Lines after the one containing "add: exp_minus field_simps)" are to be omitted; print exactly each line from the start of the records up to and including it.
● ● ● ● ●
lemma poisson_prob_window_ge_half:
  assumes "alpha \<ge> 0" "t \<ge> 0" "real K \<le> alpha * t / 4" "alpha * t \<ge> 8"
  obtains N where "0 < real N" "real N \<le> 5 * (alpha * t)"
    "1/2 \<le> (\<Sum>n\<in>{K..N}. poisson_prob alpha t n)"
proof
  define N where "N = nat \<lceil>(exp 1 + 1) * (alpha * t)\<rceil> + 2"
  have "0 \<le> (exp 1 + 1) * (alpha * t)" using assms by simp
  then have N: "(exp 1 + 1) * (alpha * t) + 2 \<le> real N" "real N \<le> (exp 1 + 1) * (alpha * t) + 3"
    unfolding N_def by linarith+
  then show "0 < real N" using \<open>0 \<le> (exp 1 + 1) * (alpha * t)\<close> by linarith
  have "(exp 1 + 1) * (alpha * t) \<le> 4 * (alpha * t)"
    using exp_le assms by (intro mult_right_mono) auto
  then show "real N \<le> 5 * (alpha * t)" using N(2) assms by linarith
  have e: "2 \<le> exp (1::real)" using exp_ge_add_one_self[of 1] by simp
  then have "exp (-1::real) \<le> 1/2" by (simp add: exp_minus field_simps)
  then have "alpha * t * exp (-1) \<le> alpha * t * (1/2)" using assms by (intro mult_left_mono) auto
  then have "exp (real K + alpha * t * (exp (-1) - 1)) \<le> exp (-2)"
    using assms by (simp add: algebra_simps)
  moreover have "exp (- real N + alpha * t * (exp 1 - 1)) \<le> exp (-2)"
    using N(1) assms(4) by (simp add: algebra_simps)
  moreover have "exp (-2::real) \<le> 1/4"
  proof -
    have "2 * 2 \<le> exp (1::real) * exp 1" using e by (intro mult_mono) auto
    then show ?thesis by (simp add: exp_minus exp_add[symmetric] field_simps)
  qed
  ultimately show "1/2 \<le> (\<Sum>n\<in>{K..N}. poisson_prob alpha t n)"
    using poisson_prob_window_ge[OF assms(1,2), of K N] by linarith
qed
● ● ● ● ●
#### Result for this task
lemma poisson_prob_window_ge_half:
  assumes "alpha \<ge> 0" "t \<ge> 0" "real K \<le> alpha * t / 4" "alpha * t \<ge> 8"
  obtains N where "0 < real N" "real N \<le> 5 * (alpha * t)"
    "1/2 \<le> (\<Sum>n\<in>{K..N}. poisson_prob alpha t n)"
proof
  define N where "N = nat \<lceil>(exp 1 + 1) * (alpha * t)\<rceil> + 2"
  have "0 \<le> (exp 1 + 1) * (alpha * t)" using assms by simp
  then have N: "(exp 1 + 1) * (alpha * t) + 2 \<le> real N" "real N \<le> (exp 1 + 1) * (alpha * t) + 3"
    unfolding N_def by linarith+
  then show "0 < real N" using \<open>0 \<le> (exp 1 + 1) * (alpha * t)\<close> by linarith
  have "(exp 1 + 1) * (alpha * t) \<le> 4 * (alpha * t)"
    using exp_le assms by (intro mult_right_mono) auto
  then show "real N \<le> 5 * (alpha * t)" using N(2) assms by linarith
  have e: "2 \<le> exp (1::real)" using exp_ge_add_one_self[of 1] by simp
  then have "exp (-1::real) \<le> 1/2" by (simp add: exp_minus field_simps)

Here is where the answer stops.